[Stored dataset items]
(* Let $m,n\in \mathbb{Z}$ and let $c$ be a nonzero integer with $c\mid n^2$, and let $f(X)=X^6+(n^2/c-2m)X^4+(m^2-2n)X^2+c$. Then $\mathrm{Gal}(f/\mathbb{Q})\cong C_6$ if and only if all of the following hold: (i) $-c$ is not a square of an integer; (ii) $g(X):=X^3+(n^2/c-2m)X^2+(m^2-2n)X+c$ (so that $f(X)=g(X^2)$) is irreducible over $\mathbb{Q}$; (iii) $d(m,n,c):= -(4m^3c - m^2n^2 - 18mnc + 4n^3 + 27c^2)$ is a square of an integer.
   Context: $\mathrm{Gal}(f/\mathbb{Q})$ denotes the Galois group of the splitting field of $f$ over $\mathbb{Q}$, and $C_6$ the cyclic group of order $6$. *)

theory Defs
  imports Complex_Main "HOL-Computational_Algebra.Polynomial" "HOL-Algebra.Elementary_Groups"
begin

definition croots :: "int poly \<Rightarrow> complex set" where
  "croots p = {z. poly (map_poly of_int p) z = 0}"

definition is_csubfield :: "complex set \<Rightarrow> bool" where
  "is_csubfield K \<longleftrightarrow> 0 \<in> K \<and> 1 \<in> K \<and>
     (\<forall>x\<in>K. \<forall>y\<in>K. x + y \<in> K \<and> x - y \<in> K \<and> x * y \<in> K) \<and>
     (\<forall>x\<in>K. x \<noteq> 0 \<longrightarrow> inverse x \<in> K)"

text \<open>Splitting field of p over Q, realised inside C: the smallest subfield of C
  containing all complex roots of p (it automatically contains Q).\<close>
definition splitting_field :: "int poly \<Rightarrow> complex set" where
  "splitting_field p = \<Inter>{K. is_csubfield K \<and> croots p \<subseteq> K}"

definition field_auts :: "complex set \<Rightarrow> (complex \<Rightarrow> complex) set" where
  "field_auts K = {\<sigma>. \<sigma> \<in> extensional K \<and> bij_betw \<sigma> K K \<and>
      (\<forall>x\<in>K. \<forall>y\<in>K. \<sigma> (x + y) = \<sigma> x + \<sigma> y \<and> \<sigma> (x * y) = \<sigma> x * \<sigma> y) \<and>
      (\<forall>q\<in>\<rat>. q \<in> K \<longrightarrow> \<sigma> q = q)}"
text \<open>
  Conditionally on the Z_k the X_j are independent Frechet variables, so for x > 0
  F(x) = E exp(- \<Sum>_k t_k(x) Z_k) = exp(- \<Sum>_k ((\<theta>_k + t_k(x))^\<alpha> - \<theta>_k^\<alpha>)) with
  t_k(x) = \<Sum>_j \<omega>_kj^(1/\<alpha>) (x_j/\<tau>)^(-1/\<alpha>0). Replacing \<omega> by \<omega>/s and \<theta> by \<theta>/s^(1/\<alpha>)
  divides t_k and \<theta>_k by s^(1/\<alpha>), hence every exponent by s, which yields F^(1/s).
  A model with the new tilting parameters exists because tilting the law of Z_k by the density
  proportional to exp((\<theta> - \<theta>') z) gives the law with parameter \<theta>'. For \<theta>' < \<theta> this needs the
  exponential moments E exp(r Z) for r < \<theta>, which come from analytically continuing the
  Laplace transform beyond the origin.
\<close>

section \<open>Analytic continuation of power series\<close>

lemma has_fps_expansion_if_sums_on_segment:
  fixes G :: "complex \<Rightarrow> complex" and a :: "nat \<Rightarrow> complex" and R T :: real
  assumes hol: "G holomorphic_on ball 0 R" and T: "0 < T" "T < R"
    and sums_seg: "\<And>u. 0 \<le> u \<Longrightarrow> u \<le> T \<Longrightarrow> (\<lambda>n. a n * of_real u ^ n) sums G (of_real u)"
  shows "G has_fps_expansion Abs_fps a"
proof -
  define A where "A = Abs_fps a"
  have "summable (\<lambda>n. fps_nth A n * of_real T ^ n)"
    using sums_seg[of T] T by (auto simp: A_def sums_iff)
  from conv_radius_geI[OF this] have rad: "fps_conv_radius A \<ge> T"
    using T by (simp add: fps_conv_radius_def)
  have "eval_fps A w - G w = 0" if w: "w \<in> ball 0 T" for w
  proof (rule analytic_continuation[where f = "\<lambda>w. eval_fps A w - G w" and S = "ball 0 T"
        and U = "of_real ` {0<..<T}" and \<xi> = 0])
    have "ball 0 T \<subseteq> eball 0 (fps_conv_radius A)"
      by (auto intro!: less_le_trans[OF _ rad])
    moreover have "ball 0 T \<subseteq> ball (0::complex) R" using T by auto
    ultimately show "(\<lambda>w. eval_fps A w - G w) holomorphic_on ball 0 T"
      by (intro holomorphic_intros holomorphic_on_subset[OF hol]) auto
    show "(0::complex) islimpt of_real ` {0<..<T}"
    proof (rule islimpt_approachable[THEN iffD2], intro allI impI)
      fix e :: real assume "e > 0"
      then show "\<exists>x'\<in>complex_of_real ` {0<..<T}. x' \<noteq> 0 \<and> dist x' 0 < e"
        using T by (intro bexI[of _ "of_real (min (T/2) (e/2))"]) auto
    qed
    fix v assume "v \<in> complex_of_real ` {0<..<T}"
    then obtain u where "v = of_real u" "0 < u" "u < T" by auto
    then show "eval_fps A v - G v = 0"
      using sums_seg[of u] by (auto simp: A_def eval_fps_def sums_iff)
  qed (use T w in auto)
  moreover have "eventually (\<lambda>w. w \<in> ball (0::complex) T) (nhds 0)"
    using T by (intro eventually_nhds_in_open) auto
  ultimately have "\<forall>\<^sub>F w in nhds 0. eval_fps A w = G w"
    by (auto elim!: eventually_mono)
  moreover have "0 < fps_conv_radius A" using rad T by (meson ereal_less(2) less_le_trans)
  ultimately show ?thesis by (simp add: has_fps_expansion_def A_def)
qed
(* Let $1<p<\infty$, let $q$ be defined by $\frac1p+\frac1q=1$, and let $0<\gamma<3^{-\frac1q}$. Let $(x^*_j)$ be a normalized block basis of $(e_j^* )$ in the dual space $Ti^*(p,\gamma)$. Then for every $n\in\mathbb{N}$ and every choice of real numbers $(a_j)_{j=1}^n$, $$\left\|\sum_{j=1}^n a_jx_j^*\right\|\ge \frac1{3^{\frac1q}}\left(\sum_{j=1}^n|a_j|^q\right)^{\frac1q}.$$
   Context: For $1<p<\infty$, $\frac1p+\frac1q=1$ and $0<\gamma<1$, the Tirilman space $Ti(p,\gamma)$ is the completion of $c_{00}$ (finitely supported real sequences) under the norm defined implicitly by $$\|a\|=\max\Big\{\|a\|_\infty,\ \gamma\sup\frac{\sum_{j=1}^n\|E_ja\|}{n^{1/q}}\Big\},$$ where the supremum is over all $n\in\mathbb{N}$ and all finite sets of consecutive natural numbers $E_1<\dots<E_n$ (meaning $\max E_i<\min E_{i+1}$), and $E_ja$ denotes the restriction of $a$ to $E_j$. The unit vectors $(e_n)$ form a 1-subsymmetric basis of $Ti(p,\gamma)$; $(e_n^* )$ denotes the biorthogonal functionals, which form a basis of the dual $Ti^*(p,\gamma)$. A block basis of $(e^*_n)$ is a sequence of nonzero vectors $y_n=\sum_{k=p_n+1}^{p_{n+1}}a_ke^*_k$ with $p_1<p_2<\cdots$. *)

theory Defs
  imports Complex_Main
begin

definition c00 :: "(nat \<Rightarrow> real) set" where
  "c00 = {a. finite {k. a k \<noteq> 0}}"

definition conj_exp :: "real \<Rightarrow> real" where
  "conj_exp p = p / (p - 1)"

definition supnorm :: "(nat \<Rightarrow> real) \<Rightarrow> real" where
  "supnorm a = (SUP k. \<bar>a k\<bar>)"

definition restr :: "nat set \<Rightarrow> (nat \<Rightarrow> real) \<Rightarrow> nat \<Rightarrow> real" where
  "restr E a = (\<lambda>k. if k \<in> E then a k else 0)"

text \<open>Admissible families: n \<ge> 1 nonempty intervals E_j = {l j..r j}, j<n, with E_0 < E_1 < ... < E_(n-1).\<close>
definition adm :: "nat \<Rightarrow> (nat \<Rightarrow> nat) \<Rightarrow> (nat \<Rightarrow> nat) \<Rightarrow> bool" where
  "adm n l r \<longleftrightarrow> n \<ge> 1 \<and> (\<forall>j<n. l j \<le> r j) \<and> (\<forall>j. Suc j < n \<longrightarrow> r j < l (Suc j))"

text \<open>Standard iterative construction of the implicitly defined norm.\<close>
fun ti_iter :: "real \<Rightarrow> real \<Rightarrow> nat \<Rightarrow> (nat \<Rightarrow> real) \<Rightarrow> real" where
  "ti_iter p \<gamma> 0 a = supnorm a"
| "ti_iter p \<gamma> (Suc m) a = max (supnorm a)
     (\<gamma> * (SUP nlr \<in> {(n, l, r). adm n l r}.
        (case nlr of (n, l, r) \<Rightarrow>
          (\<Sum>j<n. ti_iter p \<gamma> m (restr {l j..r j} a)) / real n powr (1 / conj_exp p))))"

definition ti_norm :: "real \<Rightarrow> real \<Rightarrow> (nat \<Rightarrow> real) \<Rightarrow> real" where
  "ti_norm p \<gamma> a = (SUP m. ti_iter p \<gamma> m a)"

text \<open>Dual norm of a finitely supported functional f = sum_k f k e_k^*
  (c00 is dense in Ti(p,gamma), so the sup over c00 is the dual norm).\<close>
definition ti_dual_norm :: "real \<Rightarrow> real \<Rightarrow> (nat \<Rightarrow> real) \<Rightarrow> real" where
  "ti_dual_norm p \<gamma> f = (SUP a \<in> {a \<in> c00. ti_norm p \<gamma> a \<le> 1}.
      \<bar>\<Sum>k\<in>{k. f k \<noteq> 0}. f k * a k\<bar>)"
(* Let $G=(V,E)$ be a finite weakly connected directed multigraph (loops allowed) in which every vertex has even degree, and let $M=(M_e)_{e\in E}$ with $M_e\in M_n(\mathbb C)$. Then $$|T_G(M)|\le n\prod_{e\in E}\|M_e\|.$$ Moreover, if $f\in E$ and $M_f$ has rank $r$, then $$|T_G(M)|\le\sqrt{rn}\prod_{e\in E}\|M_e\|.$$
   Context: A directed multigraph $G=(V,E)$ consists of finite sets $V,E$ and maps $e\mapsto e_-$ (origin) and $e\mapsto e_+$ (terminus) from $E$ to $V$; $e_-=e_+$ is allowed. Weakly connected means connected after forgetting orientations. The degree of $v$ is $\deg(v)=\sum_{e\in E}(\mathbf 1(v=e_-)+\mathbf 1(v=e_+))$. For $M=(M_e)_{e\in E}$, $$T_G(M)=\sum_{\mathbf i=(i_v)_{v\in V}\in\{1,\dots,n\}^V}\ \prod_{e\in E}(M_e)_{i_{e_-}i_{e_+}}.$$ $\|\cdot\|$ is the operator norm. *)

theory Defs
  imports "HOL-Analysis.Analysis"
begin

definition dgraph :: "'v set \<Rightarrow> 'e set \<Rightarrow> ('e \<Rightarrow> 'v) \<Rightarrow> ('e \<Rightarrow> 'v) \<Rightarrow> bool" where
  "dgraph V E src tgt \<longleftrightarrow> finite V \<and> finite E \<and> (\<forall>e\<in>E. src e \<in> V \<and> tgt e \<in> V)"

definition weakly_connected :: "'v set \<Rightarrow> 'e set \<Rightarrow> ('e \<Rightarrow> 'v) \<Rightarrow> ('e \<Rightarrow> 'v) \<Rightarrow> bool" where
  "weakly_connected V E src tgt \<longleftrightarrow>
     (\<forall>u\<in>V. \<forall>w\<in>V. (u, w) \<in> ({(src e, tgt e) | e. e \<in> E} \<union> {(tgt e, src e) | e. e \<in> E})\<^sup>*)"

definition degree :: "'e set \<Rightarrow> ('e \<Rightarrow> 'v) \<Rightarrow> ('e \<Rightarrow> 'v) \<Rightarrow> 'v \<Rightarrow> nat" where
  "degree E src tgt v = (\<Sum>e\<in>E. (if v = src e then 1 else 0) + (if v = tgt e then 1 else 0))"

definition graph_trace ::
  "'v set \<Rightarrow> 'e set \<Rightarrow> ('e \<Rightarrow> 'v) \<Rightarrow> ('e \<Rightarrow> 'v) \<Rightarrow> ('e \<Rightarrow> complex^'n::finite^'n) \<Rightarrow> complex" where
  "graph_trace V E src tgt M =
     (\<Sum>i\<in>(V \<rightarrow>\<^sub>E (UNIV :: 'n set)). \<Prod>e\<in>E. (M e) $ (i (src e)) $ (i (tgt e)))"

definition opnorm :: "complex^'n::finite^'n \<Rightarrow> real" where
  "opnorm A = onorm (\<lambda>x. A *v x)"

end

theory Submission
  imports Defs
begin

text \<open>
  An even, weakly connected multigraph has an Euler circuit starting with any prescribed edge f.
  Along the circuit, T_G(M) becomes a sum, over index assignments to the vertices of the closed
  walk, of a product of the matrices M_e, transposed where the walk runs against the orientation
  of e. Summing out the edges one at a time, the partial sum after k steps depends only on the
  indices at the active vertices, those already visited that will be visited again, and by
  Cauchy-Schwarz its l2 norm grows by at most a factor ||M_e|| per step. The first step
  contributes the Hilbert-Schmidt norm of M_f, and at the end only the returning start vertex is
  active, which contributes sqrt n. Thus |T_G(M)| <= ||M_f||_HS sqrt n prod_{e /= f} ||M_e||,
  and both bounds follow from ||M_f||_HS <= sqrt n ||M_f|| and ||M_f||_HS <= sqrt (rank M_f) ||M_f||.
\<close>

section \<open>Operator and Hilbert-Schmidt norms\<close>

lemma norm_vec_power2: "(norm (x :: 'a::real_normed_vector^'n))\<^sup>2 = (\<Sum>j\<in>UNIV. (norm (x $ j))\<^sup>2)"
  unfolding norm_vec_def L2_set_def by (simp add: sum_nonneg)
text \<open>The sharp quadratic lower bound behind Pinsker's inequality; it is proved by
  showing that the difference, cleared of denominators, has derivative
  \<open>(4x + 4) ln x - 8x + 8\<close>, which changes sign only at \<open>x = 1\<close>.\<close>

lemma xlnx_quadratic_lower_bound:
  fixes x :: real
  assumes "x \<ge> 0"
  shows "3/2 * (x - 1)\<^sup>2 / (x + 2) \<le> x * ln x - x + 1"
proof -
  define f where "f z = (z * ln z - z + 1) * (2*z + 4) - 3 * (z - 1)\<^sup>2" for z :: real
  define f' where "f' z = (4*z + 4) * ln z - 8*z + 8" for z :: real
  have f_deriv: "DERIV f z :> f' z" if "z > 0" for z
    unfolding f_def f'_def using that
    by (auto intro!: derivative_eq_intros simp: field_simps power2_eq_square)
  have f'_deriv: "DERIV f' z :> 4 * (ln z + 1/z - 1)" if "z > 0" for z
    unfolding f'_def using that by (auto intro!: derivative_eq_intros simp: field_simps)
  have f''_nonneg: "ln z + 1/z - 1 \<ge> 0" if "z > 0" for z :: real
    using ln_le_minus_one[of "1/z"] that by (simp add: ln_div)
  have f'_mono: "f' u \<le> f' v" if "0 < u" "u \<le> v" for u v
    using DERIV_nonneg_imp_nondecreasing[OF \<open>u \<le> v\<close>] f'_deriv f''_nonneg that
    by (metis less_le_trans mult_nonneg_nonneg zero_le_numeral)
  have "f' 1 = 0" and "f 1 = 0"
    by (simp_all add: f'_def f_def)
  then have "f x \<ge> f 1"
  proof (cases "x \<le> 1")
    case True
    show ?thesis
    proof (cases "x = 0")
      case False
      with assms True show ?thesis
        using DERIV_nonpos_imp_nonincreasing[OF True] f_deriv f'_mono \<open>f' 1 = 0\<close>
        by (metis less_eq_real_def less_le_trans)
    qed (simp add: f_def)
  next
    case False
    then show ?thesis
      using DERIV_nonneg_imp_nondecreasing[of 1 x f] f_deriv f'_mono \<open>f' 1 = 0\<close>
      by (metis less_le_trans linorder_not_le order_less_imp_le zero_less_one)
  qed
  then show ?thesis
    using assms \<open>f 1 = 0\<close> by (simp add: f_def field_simps)
qed

lemma KL_term_lower_bound:
  fixes p q :: real
  assumes "p \<ge> 0" and "q > 0"
  shows "3/2 * (p - q)\<^sup>2 / (p + 2 * q) \<le> p * ln (p / q) - p + q"
proof -
  have "p / q - 1 = (p - q) / q" and "p / q + 2 = (p + 2 * q) / q"
    using assms by (simp_all add: field_simps)
  then have "3/2 * (p - q)\<^sup>2 / (p + 2 * q) = q * (3/2 * (p / q - 1)\<^sup>2 / (p / q + 2))"
    using assms by (simp add: power_divide power2_eq_square)
  also have "\<dots> \<le> q * (p / q * ln (p / q) - p / q + 1)"
    using xlnx_quadratic_lower_bound[of "p / q"] assms by (intro mult_left_mono) auto
  also have "\<dots> = p * ln (p / q) - p + q"
    using assms by (simp add: field_simps)
  finally show ?thesis .
qed

text \<open>Cauchy--Schwarz with weights \<open>p i + 2 q i\<close>, whose total is \<open>3\<close>, sums the termwise
  bound into Pinsker's inequality.\<close>

lemma Pinsker_KL:
  assumes p: "p \<in> simplex n" and q: "q \<in> simplex n" and q_pos: "\<forall>i<n. q i > 0"
  shows "(\<Sum>i<n. \<bar>p i - q i\<bar>)\<^sup>2 \<le> 2 * KL n p q"
proof -
  have p_nonneg: "\<And>i. i < n \<Longrightarrow> p i \<ge> 0" and p_sum: "(\<Sum>i<n. p i) = 1"
    and q_sum: "(\<Sum>i<n. q i) = 1"
    using p q by (auto simp: simplex_def)
  define r where "r i = (p i - q i)\<^sup>2 / (p i + 2 * q i)" for i
  have "(\<Sum>i<n. \<bar>p i - q i\<bar>)\<^sup>2 \<le> (\<Sum>i<n. p i + 2 * q i) * (\<Sum>i<n. \<bar>p i - q i\<bar>\<^sup>2 / (p i + 2 * q i))"
    using p_nonneg q_pos by (intro Cauchy_Schwarz_weighted_sum) (smt (verit) lessThan_iff)+
  also have "\<dots> = 3 * (\<Sum>i<n. r i)"
    by (simp add: r_def sum.distrib p_sum q_sum flip: sum_distrib_left)
  also have "\<dots> = 2 * (\<Sum>i<n. 3/2 * r i)"
    by (simp add: sum_distrib_left)
  also have "(\<Sum>i<n. 3/2 * r i) \<le> (\<Sum>i<n. p i * ln (p i / q i) - p i + q i)"
    using KL_term_lower_bound p_nonneg q_pos by (intro sum_mono) (simp add: r_def)
  also have "\<dots> = KL n p q"
    by (simp add: KL_def sum.distrib sum_subtractf p_sum q_sum)
  finally show ?thesis by simp
qed

lemma KL_self: "KL n q q = 0"
  unfolding KL_def by (rule sum.neutral) simp

lemma KL_nonneg:
  "p \<in> simplex n \<Longrightarrow> q \<in> simplex n \<Longrightarrow> \<forall>i<n. q i > 0 \<Longrightarrow> KL n p q \<ge> 0"
  using Pinsker_KL[of p n q] by (smt (verit) zero_le_power2)

lemma KL_le_0_imp_eq:
  assumes p: "p \<in> simplex n" and q: "q \<in> simplex n" and "\<forall>i<n. q i > 0" and "KL n p q \<le> 0"
  shows "p = q"
proof
  fix i
  have "(\<Sum>i<n. \<bar>p i - q i\<bar>)\<^sup>2 \<le> 0"
    using Pinsker_KL[OF assms(1-3)] assms(4) by linarith
  then have "\<forall>i\<in>{..<n}. \<bar>p i - q i\<bar> = 0"
    by (subst sum_nonneg_eq_0_iff[symmetric]) auto
  with p q show "p i = q i"
    by (cases "i < n") (auto simp: simplex_def)
qed

lemma KL_unif_le_ln:
  assumes n: "n \<ge> 1" and p: "p \<in> simplex n"
  shows "KL n p (unif n) \<le> ln (real n)"
proof -
  have p_nonneg: "\<And>i. i < n \<Longrightarrow> p i \<ge> 0" and p_sum: "(\<Sum>i<n. p i) = 1"
    using p by (auto simp: simplex_def)
  have "p i * ln (p i / unif n i) \<le> p i * ln (real n)" if i: "i < n" for i
  proof (cases "p i = 0")
    case False
    with p_nonneg i have "0 < p i" by (simp add: less_le)
    moreover have "p i \<le> 1"
      using member_le_sum[of i "{..<n}" p] p_nonneg i p_sum by auto
    ultimately show ?thesis
      using i n by (simp add: unif_def ln_div ln_mult mult_left_mono)
  qed simp
  then have "KL n p (unif n) \<le> (\<Sum>i<n. p i * ln (real n))"
    unfolding KL_def by (intro sum_mono) auto
  also have "\<dots> = ln (real n)"
    by (simp add: p_sum flip: sum_distrib_right)
  finally show ?thesis .
qed

lemma arg_min_eqI:
  fixes f :: "'a \<Rightarrow> 'b::order"
  assumes "P x" and "\<And>z. P z \<Longrightarrow> z \<noteq> x \<Longrightarrow> f x < f z"
  shows "arg_min f P = x"
proof (rule arg_minI[where P = P and x = x])
  show "\<not> f z < f x" if "P z" for z
    using assms(2)[OF that] by (cases "z = x") (auto dest: order.asym)
  show "z = x" if "P z" and "\<forall>y. P y \<longrightarrow> \<not> f y < f z" for z
    using assms that by blast
qed (fact assms)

**What to do:** Could you copy exactly the lines from the first line of the records above through the line containing "set \<Rightarrow> (complex", both included, and nothing else?

**Solution below:**
(* Let $m,n\in \mathbb{Z}$ and let $c$ be a nonzero integer with $c\mid n^2$, and let $f(X)=X^6+(n^2/c-2m)X^4+(m^2-2n)X^2+c$. Then $\mathrm{Gal}(f/\mathbb{Q})\cong C_6$ if and only if all of the following hold: (i) $-c$ is not a square of an integer; (ii) $g(X):=X^3+(n^2/c-2m)X^2+(m^2-2n)X+c$ (so that $f(X)=g(X^2)$) is irreducible over $\mathbb{Q}$; (iii) $d(m,n,c):= -(4m^3c - m^2n^2 - 18mnc + 4n^3 + 27c^2)$ is a square of an integer.
   Context: $\mathrm{Gal}(f/\mathbb{Q})$ denotes the Galois group of the splitting field of $f$ over $\mathbb{Q}$, and $C_6$ the cyclic group of order $6$. *)

theory Defs
  imports Complex_Main "HOL-Computational_Algebra.Polynomial" "HOL-Algebra.Elementary_Groups"
begin

definition croots :: "int poly \<Rightarrow> complex set" where
  "croots p = {z. poly (map_poly of_int p) z = 0}"

definition is_csubfield :: "complex set \<Rightarrow> bool" where
  "is_csubfield K \<longleftrightarrow> 0 \<in> K \<and> 1 \<in> K \<and>
     (\<forall>x\<in>K. \<forall>y\<in>K. x + y \<in> K \<and> x - y \<in> K \<and> x * y \<in> K) \<and>
     (\<forall>x\<in>K. x \<noteq> 0 \<longrightarrow> inverse x \<in> K)"

text \<open>Splitting field of p over Q, realised inside C: the smallest subfield of C
  containing all complex roots of p (it automatically contains Q).\<close>
definition splitting_field :: "int poly \<Rightarrow> complex set" where
  "splitting_field p = \<Inter>{K. is_csubfield K \<and> croots p \<subseteq> K}"

definition field_auts :: "complex set \<Rightarrow> (complex \<Rightarrow> complex) set" where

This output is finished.